Le créateur du Musée de l'informatique crée aussi sa première exposition et vous devez y aller, jeunes (pour comprendre), vieux (pour se souvenir), tous (pour imaginer l'avenir):
Savez-vous quand votre ordinateur est obsolète ? Quand vous le sortez de son carton d’emballage, dit la blague. Alors faut-il un musée de l’informatique, domaine de l’éphémère par essence, voire du jetable ? Oui, répond Philippe Nieuwbourg, grand expert de ces technologies et président de l’association Antémémoire, dédiée à ce projet. Il est fermement décidé à créer ce lieu car « l’antémémoire est la mémoire que l’on met très proche de soi » et qui permet de mieux vivre dans son monde. Cela fait soixante ans à peu près que l’informatique existe et on a un peu oublié, dit-il, de préserver cette mémoire là. D’où une première exposition "1940-1990 : Histoires d'Informatique", du 5 juin 2007 au 8 octobre 2007, au Toit de la Grande Arche de Paris - La Défense avec une centaine d’objets issus de sa collection privée et de donateurs. Les jeunes doivent pouvoir regarder ces drôles d’objets et comprendre ce qu’ils représentent.
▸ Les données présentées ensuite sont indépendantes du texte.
(* The following Schur norms hold. (1) $\|[1]\|_\bullet=1$. (2) $\left\|\begin{bmatrix}1&1\\0&1\end{bmatrix}\right\|_\bullet=\left\|\begin{bmatrix}1&1&0\\0&1&1\end{bmatrix}\right\|_\bullet=\sqrt{4/3}$. (3) $\left\|\begin{bmatrix}1&1&0\\0&1&1\\0&0&1\end{bmatrix}\right\|_\bullet=\left\|\begin{bmatrix}1&1&0&0\\0&1&1&0\\0&0&1&1\end{bmatrix}\right\|_\bullet=\left\|\begin{bmatrix}1&1&0&0\\1&0&1&0\\0&1&0&1\\0&0&1&1\end{bmatrix}\right\|_\bullet=\frac{1+\sqrt2}{2}$. (4) $\left\|\begin{bmatrix}1&0&0\\1&1&1\\0&0&1\end{bmatrix}\right\|_\bullet=\left\|\begin{bmatrix}1&0&0&1&0\\1&1&1&0&0\\0&0&1&0&1\end{bmatrix}\right\|_\bullet=\frac1{15}\sqrt{169+38\sqrt{19}}$. (5) $\left\|\begin{bmatrix}1&1&0&0\\1&0&1&0\\1&0&0&1\end{bmatrix}\right\|_\bullet=\sqrt{3/2}$. (6) $\left\|\begin{bmatrix}1&1&0&0\\0&1&1&0\\0&0&1&1\\0&0&0&1\end{bmatrix}\right\|_\bullet=\left\|\begin{bmatrix}1&1&0&0&0\\0&1&1&0&0\\0&0&1&1&0\\0&0&0&1&1\end{bmatrix}\right\|_\bullet=\frac25\sqrt{5+2\sqrt5}$. (7) $\left\|\begin{bmatrix}1&1&0\\1&1&1\\0&1&0\end{bmatrix}\right\|_\bullet=\frac1{15}(9+4\sqrt6)$. (8) $\left\|\begin{bmatrix}1&1&0\\1&1&1\\0&1&1\end{bmatrix}\right\|_\bullet=9/7$. (9) $\left\|\begin{bmatrix}1&1&0\\1&0&1\\0&1&1\end{bmatrix}\right\|_\bullet=4/3$.
   Context: Fix $\mathbb F\in\{\mathbb R,\mathbb C\}$. For an $m\times n$ matrix $A$ with entries in $\mathbb F$, the Schur norm is $\|A\|_\bullet=\sup\{\|A\bullet X\|: X\in M_{m,n}(\mathbb F),\ \|X\|\le1\}$, where $A\bullet X=[a_{ij}x_{ij}]$ is the entrywise product and $\|\cdot\|$ is the operator norm $\ell^2_n\to\ell^2_m$. *)

theory Defs
  imports Complex_Main
begin

text \<open>Matrices of size m x n over a field 'a (instantiated to real or complex)
are represented as functions nat => nat => 'a, only the entries with
i < m, j < n being relevant.\<close>

definition vec_norm :: "nat \<Rightarrow> (nat \<Rightarrow> 'a::real_normed_field) \<Rightarrow> real" where
  "vec_norm n v = sqrt (\<Sum>j<n. (norm (v j))^2)"

definition mat_vec :: "nat \<Rightarrow> (nat \<Rightarrow> nat \<Rightarrow> 'a::real_normed_field) \<Rightarrow> (nat \<Rightarrow> 'a) \<Rightarrow> (nat \<Rightarrow> 'a)" where
  "mat_vec n X v = (\<lambda>i. \<Sum>j<n. X i j * v j)"

definition op_norm :: "nat \<Rightarrow> nat \<Rightarrow> (nat \<Rightarrow> nat \<Rightarrow> 'a::real_normed_field) \<Rightarrow> real" where
  "op_norm m n X = Sup {vec_norm m (mat_vec n X v) | v. vec_norm n v \<le> 1}"

definition schur_prod :: "(nat \<Rightarrow> nat \<Rightarrow> 'a::real_normed_field) \<Rightarrow> (nat \<Rightarrow> nat \<Rightarrow> 'a) \<Rightarrow> (nat \<Rightarrow> nat \<Rightarrow> 'a)" where
  "schur_prod A X = (\<lambda>i j. A i j * X i j)"

definition schur_norm :: "nat \<Rightarrow> nat \<Rightarrow> (nat \<Rightarrow> nat \<Rightarrow> 'a::real_normed_field) \<Rightarrow> real" where
  "schur_norm m n A = Sup {op_norm m n (schur_prod A X) | X. op_norm m n X \<le> 1}"

definition mat_of_rows :: "real list list \<Rightarrow> nat \<Rightarrow> nat \<Rightarrow> 'a::real_normed_field" where
  "mat_of_rows rows = (\<lambda>i j. of_real (rows ! i ! j))"

definition schur_norm_rows :: "'a::real_normed_field itself \<Rightarrow> real list list \<Rightarrow> real" where
  "schur_norm_rows _ rows =
     schur_norm (length rows) (length (hd rows)) (mat_of_rows rows :: nat \<Rightarrow> nat \<Rightarrow> 'a)"

definition schur_norm_is :: "real list list \<Rightarrow> real \<Rightarrow> bool" where
  "schur_norm_is rows c \<longleftrightarrow>
     schur_norm_rows TYPE(real) rows = c \<and> schur_norm_rows TYPE(complex) rows = c"

end

theory Submission
  imports Defs "HOL-Analysis.Convex"
begin

text \<open>
  Each value is certified by explicit data over \<open>\<rat>(\<surd>D)\<close>, checked by exact rational arithmetic.

  Upper bound (Haagerup's criterion): if \<open>A = P diag(d) Q\<close> with \<open>d \<ge> 0\<close>, every row satisfies
  \<open>\<Sum>\<^sub>k d\<^sub>k p\<^sub>i\<^sub>k\<^sup>2 \<le> 1\<close> and every column \<open>\<Sum>\<^sub>k d\<^sub>k q\<^sub>k\<^sub>j\<^sup>2 \<le> c\<^sup>2\<close>, then
  \<open>A \<bullet> X = \<Sum>\<^sub>k d\<^sub>k diag(p\<^sub>k) X diag(q\<^sub>k)\<close>, and weighted Cauchy-Schwarz gives \<open>\<parallel>A \<bullet> X\<parallel> \<le> c\<close>
  for every contraction \<open>X\<close>.

  Lower bound (dual certificate): if \<open>a, b \<ge> 0\<close>, \<open>\<Sum>\<^sub>j b\<^sub>j = 1\<close> and
  \<open>diag(b) - c\<^sup>2 diag(b) V\<^sup>T diag(a) V diag(b)\<close> is an explicit nonnegative combination of squares
  \<open>w\<^sub>k w\<^sub>k\<^sup>T\<close>, then \<open>X = c diag(\<surd>a) V diag(\<surd>b)\<close> is a contraction; if moreover
  \<open>\<Sum>\<^sub>i a\<^sub>i (\<Sum>\<^sub>j A\<^sub>i\<^sub>j b\<^sub>j V\<^sub>i\<^sub>j)\<^sup>2 = 1\<close>, then \<open>A \<bullet> X\<close> maps the unit vector \<open>(\<surd>b\<^sub>j)\<^sub>j\<close> to a vector
  of norm \<open>c\<close>.
\<close>

lemma vec_norm_eq_L2_set: "vec_norm n v = L2_set (\<lambda>j. norm (v j)) {..<n}"
  by (simp add: vec_norm_def L2_set_def)

lemma vec_norm_nonneg: "0 \<le> vec_norm n v"
  by (simp add: vec_norm_eq_L2_set)

lemma vec_norm_power2: "(vec_norm n v)\<^sup>2 = (\<Sum>j<n. (norm (v j))\<^sup>2)"
  by (simp add: vec_norm_def sum_nonneg)

lemma norm_le_vec_norm: "j < n \<Longrightarrow> norm (v j) \<le> vec_norm n v"
  unfolding vec_norm_eq_L2_set by (rule member_le_L2_set) auto

lemma vec_norm_scale: "vec_norm n (\<lambda>j. of_real r * v j) = \<bar>r\<bar> * vec_norm n v"
  by (simp add: vec_norm_eq_L2_set norm_mult L2_set_right_distrib)

lemma mat_vec_scale: "mat_vec n X (\<lambda>j. of_real r * v j) = (\<lambda>i. of_real r * mat_vec n X v i)"
  by (simp add: mat_vec_def sum_distrib_left ac_simps)

lemma vec_norm_mat_vec_le_entry_sum:
  assumes "vec_norm n v \<le> 1"
  shows "vec_norm m (mat_vec n X v) \<le> (\<Sum>i<m. \<Sum>j<n. norm (X i j))"
proof -
  have "norm (mat_vec n X v i) \<le> (\<Sum>j<n. norm (X i j))" for i
  proof -
    have "norm (mat_vec n X v i) \<le> (\<Sum>j<n. norm (X i j) * norm (v j))"
      unfolding mat_vec_def by (rule norm_sum[THEN order_trans]) (simp add: norm_mult)
    also have "\<dots> \<le> (\<Sum>j<n. norm (X i j))"
      using norm_le_vec_norm[of _ n v] assms
      by (intro sum_mono mult_left_le) (auto intro: order_trans)
    finally show ?thesis .
  qed
  then have "(\<Sum>i<m. norm (mat_vec n X v i)) \<le> (\<Sum>i<m. \<Sum>j<n. norm (X i j))"
    by (rule sum_mono)
  then show ?thesis
    unfolding vec_norm_eq_L2_set using L2_set_le_sum[of "{..<m}" "\<lambda>i. norm (mat_vec n X v i)"]
    by simp
qed

lemma op_norm_bdd_above: "bdd_above {vec_norm m (mat_vec n X v) | v. vec_norm n v \<le> 1}"
  using vec_norm_mat_vec_le_entry_sum by (auto intro!: bdd_aboveI)

lemma op_norm_upper: "vec_norm n v \<le> 1 \<Longrightarrow> vec_norm m (mat_vec n X v) \<le> op_norm m n X"
  unfolding op_norm_def by (rule cSup_upper) (auto intro: op_norm_bdd_above)

lemma op_norm_leI:
  assumes "\<And>v. vec_norm m (mat_vec n X v) \<le> c * vec_norm n v" and "0 \<le> c"
  shows "op_norm m n X \<le> c"
  unfolding op_norm_def
proof (rule cSup_least)
  have "vec_norm n (\<lambda>_. 0 :: 'a) \<le> 1"
    by (simp add: vec_norm_def)
  then show "{vec_norm m (mat_vec n X v) | v. vec_norm n v \<le> 1} \<noteq> {}"
    by blast
next
  fix x assume "x \<in> {vec_norm m (mat_vec n X v) | v. vec_norm n v \<le> 1}"
  then obtain v where "x = vec_norm m (mat_vec n X v)" "vec_norm n v \<le> 1"
    by blast
  with assms show "x \<le> c"
    by (metis mult_left_le order_trans)
qed

lemma vec_norm_mat_vec_le_op_norm:
  "vec_norm m (mat_vec n X v) \<le> op_norm m n X * vec_norm n v"
proof (cases "vec_norm n v = 0")
  case True
  then have "mat_vec n X v = (\<lambda>_. 0)"
    using norm_le_vec_norm[of _ n v] by (auto simp: mat_vec_def)
  then show ?thesis
    using True by (simp add: vec_norm_def)
next
  case False
  define N where "N = vec_norm n v"
  have "N > 0"
    using False vec_norm_nonneg[of n v] by (simp add: N_def)
  have "vec_norm n (\<lambda>j. of_real (1 / N) * v j) = 1"
    using \<open>N > 0\<close> by (simp only: vec_norm_scale) (simp add: N_def)
  then have "vec_norm m (mat_vec n X (\<lambda>j. of_real (1 / N) * v j)) \<le> op_norm m n X"
    by (simp add: op_norm_upper)
  then have "vec_norm m (mat_vec n X v) / N \<le> op_norm m n X"
    using \<open>N > 0\<close> by (simp only: mat_vec_scale vec_norm_scale) simp
  then show ?thesis
    using \<open>N > 0\<close> by (simp add: N_def pos_divide_le_eq)
qed

lemma vec_norm_mat_vec_le_vec_norm:
  assumes "op_norm m n X \<le> 1"
  shows "vec_norm m (mat_vec n X v) \<le> vec_norm n v"
  using vec_norm_mat_vec_le_op_norm[of m n X v] mult_right_mono[OF assms vec_norm_nonneg, of n v]
  by simp

lemma schur_norm_eqI:
  assumes upper: "\<And>X. op_norm m n X \<le> 1 \<Longrightarrow> op_norm m n (schur_prod A X) \<le> c"
    and witness: "op_norm m n X\<^sub>0 \<le> 1" "c \<le> op_norm m n (schur_prod A X\<^sub>0)"
  shows "schur_norm m n A = c"
proof -
  let ?S = "{op_norm m n (schur_prod A X) | X. op_norm m n X \<le> 1}"
  have "Sup ?S \<le> c"
    by (rule cSup_least) (use upper witness(1) in auto)
  moreover have "op_norm m n (schur_prod A X\<^sub>0) \<le> Sup ?S"
    by (rule cSup_upper) (use upper witness(1) in \<open>auto intro!: bdd_aboveI\<close>)
  ultimately show ?thesis
    using witness(2) by (simp add: schur_norm_def)
qed

section \<open>Upper bounds from factorisations\<close>

lemma weighted_Cauchy_Schwarz:
  fixes d p :: "nat \<Rightarrow> real" and y :: "nat \<Rightarrow> 'a::real_normed_field"
  assumes "\<And>k. k < r \<Longrightarrow> 0 \<le> d k"
  shows "(norm (\<Sum>k<r. of_real (d k * p k) * y k))\<^sup>2
           \<le> (\<Sum>k<r. d k * (p k)\<^sup>2) * (\<Sum>k<r. d k * (norm (y k))\<^sup>2)"
proof -
  have "norm (of_real (d k * p k) * y k) = (sqrt (d k) * \<bar>p k\<bar>) * (sqrt (d k) * norm (y k))"
    if "k < r" for k
  proof -
    have "(sqrt (d k) * \<bar>p k\<bar>) * (sqrt (d k) * norm (y k))
            = (sqrt (d k) * sqrt (d k)) * (\<bar>p k\<bar> * norm (y k))"
      by (simp only: mult_ac)
    also have "\<dots> = norm (of_real (d k * p k) * y k)"
      using assms that by (simp add: norm_mult abs_mult)
    finally show ?thesis ..
  qed
  then have "norm (\<Sum>k<r. of_real (d k * p k) * y k)
               \<le> (\<Sum>k<r. (sqrt (d k) * \<bar>p k\<bar>) * (sqrt (d k) * norm (y k)))"
    by (intro norm_sum[THEN order_trans] sum_mono) simp
  then have "(norm (\<Sum>k<r. of_real (d k * p k) * y k))\<^sup>2
               \<le> (\<Sum>k<r. (sqrt (d k) * \<bar>p k\<bar>) * (sqrt (d k) * norm (y k)))\<^sup>2"
    by (rule power_mono) simp
  also have "\<dots> \<le> (\<Sum>k<r. (sqrt (d k) * \<bar>p k\<bar>)\<^sup>2) * (\<Sum>k<r. (sqrt (d k) * norm (y k))\<^sup>2)"
    by (rule Cauchy_Schwarz_ineq_sum)
  also have "\<dots> = (\<Sum>k<r. d k * (p k)\<^sup>2) * (\<Sum>k<r. d k * (norm (y k))\<^sup>2)"
    using assms by (simp add: power_mult_distrib)
  finally show ?thesis .
qed

lemma mat_vec_schur_prod_factorization:
  fixes X :: "nat \<Rightarrow> nat \<Rightarrow> 'a::real_normed_field"
  assumes "\<And>j. j < n \<Longrightarrow> A i j = (\<Sum>k<r. d k * p i k * q k j)"
  shows "mat_vec n (schur_prod (\<lambda>i j. of_real (A i j)) X) v i
           = (\<Sum>k<r. of_real (d k * p i k) * mat_vec n X (\<lambda>j. of_real (q k j) * v j) i)"
proof -
  have "mat_vec n (schur_prod (\<lambda>i j. of_real (A i j)) X) v i
          = (\<Sum>j<n. \<Sum>k<r. of_real (d k * p i k) * (X i j * (of_real (q k j) * v j)))"
    unfolding mat_vec_def schur_prod_def using assms
    by (intro sum.cong refl) (simp add: of_real_sum sum_distrib_left sum_distrib_right ac_simps)
  also have "\<dots> = (\<Sum>k<r. of_real (d k * p i k) * mat_vec n X (\<lambda>j. of_real (q k j) * v j) i)"
    unfolding mat_vec_def by (subst sum.swap) (simp add: sum_distrib_left)
  finally show ?thesis .
qed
Pas de nostalgie dans ce projet mais une bonne vision de ce qui s’est passé pour comprendre ce qui se passe et imaginer l’avenir. Savoir qu’une mémoire en tore de ferrite stockait 32 caractères permet de saisir les progrès fulgurants de la technologie. Le musée mettra aussi l’accent sur l’évolution des métiers : qui se souvient aujourd’hui de ce que faisait un « pupitreur » ? Et surtout il sera un musée différent des autres puisque qu’il va vivre avec l’histoire qu’il retrace, celle de nos outils de communication. Et ils changent souvent ! Se pencher sur un modem acoustique, entendre le bruit infernal d’une imprimante matricielle… Les objets nous accompagnent, ils nous paraissent indispensables (que diraient les accrocs au PDA si on leur enlevait subitement leur joujou ?) mais on les oublie vite car ils sont essentiellement remplaçables. Le musée devra sans doute pouvoir évoquer des lieux plus virtuels comme les blogs, autre drogue dont les addicts n’imaginent pas pouvoir se séparer. Et pourtant, il y eut une vie avant les blogs et il y en aura probablement une après, quand les gens auront envie de quitter l’excitation superficielle provoquée par certains usages abusifs des « objets » de la technologie. Finalement, ce travail d’antémémoire sera très utile !
[extrait de la rubrique "Un Autre Regard", à paraître dans 01 Informatique]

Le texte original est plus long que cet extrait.